Grealish telah gagal untuk konsisten sepanjang waktunya di Etihad, dan babak pertama melawan Leeds melambangkan karir Metropolis terlalu jauh. Grealish masih menjadi pesepakbola Inggris termahal sepanjang masa setelah penandatanganannya senilai £100 juta dari Aston Villa pada 2021.

Saat Metropolis menekan ke depan untuk mencari gol awal, pemain sayap Inggris itu berada di pusat segalanya, baik dan buruk, dan dia menyia-nyiakan tiga peluang mencetak gol dalam 45 menit pertama.

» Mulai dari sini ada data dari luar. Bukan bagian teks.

lemma sum_lessThan_add_split:
  fixes s m :: nat
  shows "(\<Sum>i<s + m. f i) = (\<Sum>i<s. f i) + (\<Sum>j<m. f (s + j))"
  by (induction m) (simp_all add: add.assoc)

lemma abs_affine_le_supnorm:
  fixes e x :: "nat \<Rightarrow> real"
  shows "\<bar>e 0 + (\<Sum>i<s. x i * e (Suc i))\<bar> \<le> (1 + (\<Sum>i<s. \<bar>x i\<bar>)) * supnorm (s + 1) e"
proof -
  have "\<bar>\<Sum>i<s. x i * e (Suc i)\<bar> \<le> (\<Sum>i<s. \<bar>x i\<bar> * \<bar>e (Suc i)\<bar>)"
    using sum_abs[of "\<lambda>i. x i * e (Suc i)" "{..<s}"] by (simp add: abs_mult)
  then have "\<bar>e 0 + (\<Sum>i<s. x i * e (Suc i))\<bar> \<le> \<bar>e 0\<bar> + (\<Sum>i<s. \<bar>x i\<bar> * \<bar>e (Suc i)\<bar>)"
    using abs_triangle_ineq[of "e 0" "\<Sum>i<s. x i * e (Suc i)"] by linarith
  also have "\<dots> \<le> supnorm (s + 1) e + (\<Sum>i<s. \<bar>x i\<bar> * supnorm (s + 1) e)"
    by (intro add_mono sum_mono mult_left_mono) (auto intro: abs_le_supnorm)
  finally show ?thesis by (simp add: sum_distrib_right distrib_right)
qed

lemma powr_neg_ge_between:
  fixes K N M v :: real
  assumes "1 \<le> K" "0 < N" "N \<le> M" "M \<le> K * N"
  shows "K powr - \<bar>v\<bar> * N powr - v \<le> M powr - v"
proof (cases "0 \<le> v")
  case True
  have "K powr - \<bar>v\<bar> * N powr - v = (K * N) powr - v"
    using True by (simp add: powr_mult)
  also have "\<dots> \<le> M powr - v"
    using assms True by (intro powr_mono2') auto
  finally show ?thesis .
next
  case False
  have "K powr - \<bar>v\<bar> \<le> 1"
    using powr_mono[of "- \<bar>v\<bar>" 0 K] assms by simp
  then have "K powr - \<bar>v\<bar> * N powr - v \<le> N powr - v"
    by (intro mult_left_le_one_le) auto
  also have "\<dots> \<le> M powr - v"
    using assms False by (intro powr_mono2) auto
  finally show ?thesis .
qed

lemma mult_powr_neg_le_between:
  fixes c K N M u v :: real
  assumes "1 \<le> K" "0 < N" "N \<le> M" "M \<le> K * N"
    and "c * K powr \<bar>v\<bar> \<le> N powr (u - v)"
  shows "c * N powr - u \<le> M powr - v"
proof -
  have "c * N powr - u = K powr - \<bar>v\<bar> * (c * K powr \<bar>v\<bar>) * N powr - u"
    using \<open>1 \<le> K\<close> by (simp add: powr_minus field_simps)
  also have "\<dots> \<le> K powr - \<bar>v\<bar> * N powr (u - v) * N powr - u"
    using assms(5) by (intro mult_right_mono mult_left_mono) auto
  also have "\<dots> = K powr - \<bar>v\<bar> * N powr - v"
    using \<open>0 < N\<close> by (simp add: powr_add[symmetric])
  also have "\<dots> \<le> M powr - v"
    using assms(1-4) by (rule powr_neg_ge_between)
  finally show ?thesis .
qed

lemma ex_threshold_le_powr:
  fixes c d :: real
  assumes "0 < d"
  shows "\<exists>R\<ge>1. \<forall>N\<ge>R. c \<le> N powr d"
proof (intro exI[of _ "max 1 (\<bar>c\<bar> powr (1 / d))"] conjI allI impI)
  fix N assume N: "max 1 (\<bar>c\<bar> powr (1 / d)) \<le> N"
  have "c \<le> (\<bar>c\<bar> powr (1 / d)) powr d"
    using assms by (simp add: powr_powr)
  also have "\<dots> \<le> N powr d"
    using N assms by (intro powr_mono2) auto
  finally show "c \<le> N powr d" .
qed simp

definition concat_vec :: "nat \<Rightarrow> nat \<Rightarrow> (nat \<Rightarrow> int) \<Rightarrow> (nat \<Rightarrow> int) \<Rightarrow> nat \<Rightarrow> int" where
  "concat_vec s n p q = (\<lambda>i. if i < n then if i < s then p (Suc i) else q (i - s) else 0)"

lemma concat_vec_shift [simp]: "j < n - s \<Longrightarrow> concat_vec s n p q (s + j) = q j"
  by (auto simp: concat_vec_def)

lemma supp_in_concat_vec: "supp_in n (concat_vec s n p q)"
  by (simp add: supp_in_def concat_vec_def)

lemma inj_on_concat_vec: "inj_on (\<lambda>q. concat_vec s n (P q) q) {q. supp_in (n - s) q}"
proof (rule inj_onI)
  fix a b :: "nat \<Rightarrow> int"
  assume supp: "a \<in> {q. supp_in (n - s) q}" "b \<in> {q. supp_in (n - s) q}"
    and eq: "concat_vec s n (P a) a = concat_vec s n (P b) b"
  show "a = b"
  proof
    fix j
    show "a j = b j"
    proof (cases "j < n - s")
      case True
      then show ?thesis using fun_cong[OF eq, of "s + j"] by simp
    next
      case False
      then show ?thesis using supp by (simp add: supp_in_def)
    qed
  qed
qed

lemma dotp_concat_vec:
  fixes p q :: "nat \<Rightarrow> int"
  assumes "s < n"
    and y_x: "\<forall>i<s. y i = x i"
    and y_xA: "\<forall>j<n - s. y (s + j) = A 0 j + (\<Sum>i<s. x i * A (i + 1) j)"
  defines "e \<equiv> \<lambda>i. matvec s n A q i + real_of_int (p i)"
  shows "dotp n y (concat_vec s n p q) + real_of_int (p 0) = e 0 + (\<Sum>i<s. x i * e (Suc i))"
proof -
  have split: "(\<Sum>i<n. g i) = (\<Sum>i<s. g i) + (\<Sum>j<n - s. g (s + j))" for g :: "nat \<Rightarrow> real"
    using sum_lessThan_add_split[of g s "n - s"] \<open>s < n\<close> by simp
  have "dotp n y (concat_vec s n p q)
      = (\<Sum>i<s. y i * concat_vec s n p q i) + (\<Sum>j<n - s. y (s + j) * q j)"
    unfolding dotp_def split by simp
  also have "(\<Sum>i<s. y i * concat_vec s n p q i) = (\<Sum>i<s. x i * p (Suc i))"
    using y_x \<open>s < n\<close> by (intro sum.cong) (auto simp: concat_vec_def)
  also have "(\<Sum>j<n - s. y (s + j) * q j)
      = (\<Sum>j<n - s. A 0 j * q j) + (\<Sum>j<n - s. \<Sum>i<s. x i * A (Suc i) j * q j)"
    using y_xA by (simp add: distrib_right sum.distrib sum_distrib_right)
  also have "(\<Sum>j<n - s. \<Sum>i<s. x i * A (Suc i) j * q j) = (\<Sum>i<s. \<Sum>j<n - s. x i * A (Suc i) j * q j)"
    by (rule sum.swap)
  finally show ?thesis
    unfolding e_def matvec_def by (simp add: sum.distrib algebra_simps sum_distrib_left)
qed

lemma supnorm_le_supnorm_concat_vec:
  assumes "s < n"
  shows "supnorm (n - s) (\<lambda>j. real_of_int (q j))
    \<le> supnorm n (\<lambda>i. real_of_int (concat_vec s n p q i))"
proof (rule supnorm_le)
  fix j assume "j < n - s"
  then show "\<bar>real_of_int (q j)\<bar> \<le> supnorm n (\<lambda>i. real_of_int (concat_vec s n p q i))"
    using abs_le_supnorm[of "s + j" n "\<lambda>i. real_of_int (concat_vec s n p q i)"] by simp
qed (use assms in simp)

Selain itu, ada beberapa operan terlambat, lari rekan setim yang terlewat, dan tantangan dari bek Leeds yang sering melewati batas.

Hanya sedikit pemain yang mendapatkan tendangan bebas sebanyak Greish, dan itu karena lawannya sering melanggarnya. Namun, menjadi sasaran begitu sering bisa jadi sulit, terutama ketika ofisial membiarkan begitu banyak tantangan tanpa hukuman, seperti yang dilakukan Stuart Attwell dalam sport ini.

Kasino MENANG BESAR

Grealish mungkin telah dimaafkan karena kehilangan minat pada bola pada saat dia kembali untuk babak kedua, tetapi dia bertahan dan dihargai dengan dua assistnya untuk Haaland. Sementara Grealish pasti perlu mengerahkan dirinya lebih dan lebih teratur, tidak ada yang bisa menyangkal kegigihannya.

Ketika manajer Leeds Jesse Marsch meminta Brenden Aaronson untuk bermain di posisi sembilan palsu melawan Manchester Metropolis, Brenden Aaronson pasti mengeluh di dalam.

Posisi terbaik gelandang asal Amerika Serikat ini adalah menyerang dari lini tengah atau sayap kanan karena secara fisik ia kalah bersaing dengan pemain Metropolis John Stones dan Manuel Akanji.

Aaronson diberi tugas yang mustahil untuk mencoba mempersulit Metropolis sementara masih berusaha mencetak gol, tetapi Leeds dilanda cedera dan striker bintang mereka Patrick Bamford masih absen. Aaronson tidak kekurangan usaha, tetapi dia tidak tahu bagaimana bertindak dalam peran yang diberikan kepadanya, dan ketika dia mendapatkan kesempatan, dia meroket melewati mistar gawang.

Namun, mantan penyerang FC Salzburg itu tidak bisa disalahkan atas ketidakmampuan timnya untuk melawan sang juara. Dia hanya kekurangan peralatan untuk menyebabkan masalah bagi Metropolis.

Dengan kelicikan dan kecepatannya di sisi kiri, pemain internasional Italia Wilfried Gnonto adalah bahaya terkuat Leeds, tetapi tanpa goal man untuk menembak, kerja keras Gnonto sia-sia.